**Work instructions**:
Extract the full set of records, then give each one again exactly.

##### Recorded information #####

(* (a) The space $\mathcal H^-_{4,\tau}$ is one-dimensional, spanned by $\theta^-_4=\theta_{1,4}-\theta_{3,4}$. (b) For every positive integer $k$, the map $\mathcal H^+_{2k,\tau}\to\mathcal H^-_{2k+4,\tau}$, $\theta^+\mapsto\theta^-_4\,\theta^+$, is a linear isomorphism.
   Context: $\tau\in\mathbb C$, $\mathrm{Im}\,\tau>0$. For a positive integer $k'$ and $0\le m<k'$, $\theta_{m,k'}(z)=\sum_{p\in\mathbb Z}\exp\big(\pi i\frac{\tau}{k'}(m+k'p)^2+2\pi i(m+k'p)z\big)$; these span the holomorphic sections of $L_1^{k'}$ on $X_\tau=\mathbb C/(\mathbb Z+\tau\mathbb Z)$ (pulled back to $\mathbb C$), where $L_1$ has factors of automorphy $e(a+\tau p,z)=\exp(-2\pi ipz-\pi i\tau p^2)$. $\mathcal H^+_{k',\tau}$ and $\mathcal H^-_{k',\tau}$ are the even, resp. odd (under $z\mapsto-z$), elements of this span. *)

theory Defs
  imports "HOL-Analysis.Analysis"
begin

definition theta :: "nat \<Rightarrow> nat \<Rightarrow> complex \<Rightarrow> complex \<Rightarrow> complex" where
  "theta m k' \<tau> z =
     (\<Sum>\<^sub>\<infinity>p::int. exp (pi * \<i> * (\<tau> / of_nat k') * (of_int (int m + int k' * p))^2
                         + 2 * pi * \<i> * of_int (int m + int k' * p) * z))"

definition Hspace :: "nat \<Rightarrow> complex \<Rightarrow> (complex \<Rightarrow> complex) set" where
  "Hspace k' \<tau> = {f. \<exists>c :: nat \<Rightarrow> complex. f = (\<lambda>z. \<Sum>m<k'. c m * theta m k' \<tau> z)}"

#####

**Written response**:
(* (a) The space $\mathcal H^-_{4,\tau}$ is one-dimensional, spanned by $\theta^-_4=\theta_{1,4}-\theta_{3,4}$. (b) For every positive integer $k$, the map $\mathcal H^+_{2k,\tau}\to\mathcal H^-_{2k+4,\tau}$, $\theta^+\mapsto\theta^-_4\,\theta^+$, is a linear isomorphism.
   Context: $\tau\in\mathbb C$, $\mathrm{Im}\,\tau>0$. For a positive integer $k'$ and $0\le m<k'$, $\theta_{m,k'}(z)=\sum_{p\in\mathbb Z}\exp\big(\pi i\frac{\tau}{k'}(m+k'p)^2+2\pi i(m+k'p)z\big)$; these span the holomorphic sections of $L_1^{k'}$ on $X_\tau=\mathbb C/(\mathbb Z+\tau\mathbb Z)$ (pulled back to $\mathbb C$), where $L_1$ has factors of automorphy $e(a+\tau p,z)=\exp(-2\pi ipz-\pi i\tau p^2)$. $\mathcal H^+_{k',\tau}$ and $\mathcal H^-_{k',\tau}$ are the even, resp. odd (under $z\mapsto-z$), elements of this span. *)

theory Defs
  imports "HOL-Analysis.Analysis"
begin

definition theta :: "nat \<Rightarrow> nat \<Rightarrow> complex \<Rightarrow> complex \<Rightarrow> complex" where
  "theta m k' \<tau> z =
     (\<Sum>\<^sub>\<infinity>p::int. exp (pi * \<i> * (\<tau> / of_nat k') * (of_int (int m + int k' * p))^2
                         + 2 * pi * \<i> * of_int (int m + int k' * p) * z))"

definition Hspace :: "nat \<Rightarrow> complex \<Rightarrow> (complex \<Rightarrow> complex) set" where
  "Hspace k' \<tau> = {f. \<exists>c :: nat \<Rightarrow> complex. f = (\<lambda>z. \<Sum>m<k'. c m * theta m k' \<tau> z)}"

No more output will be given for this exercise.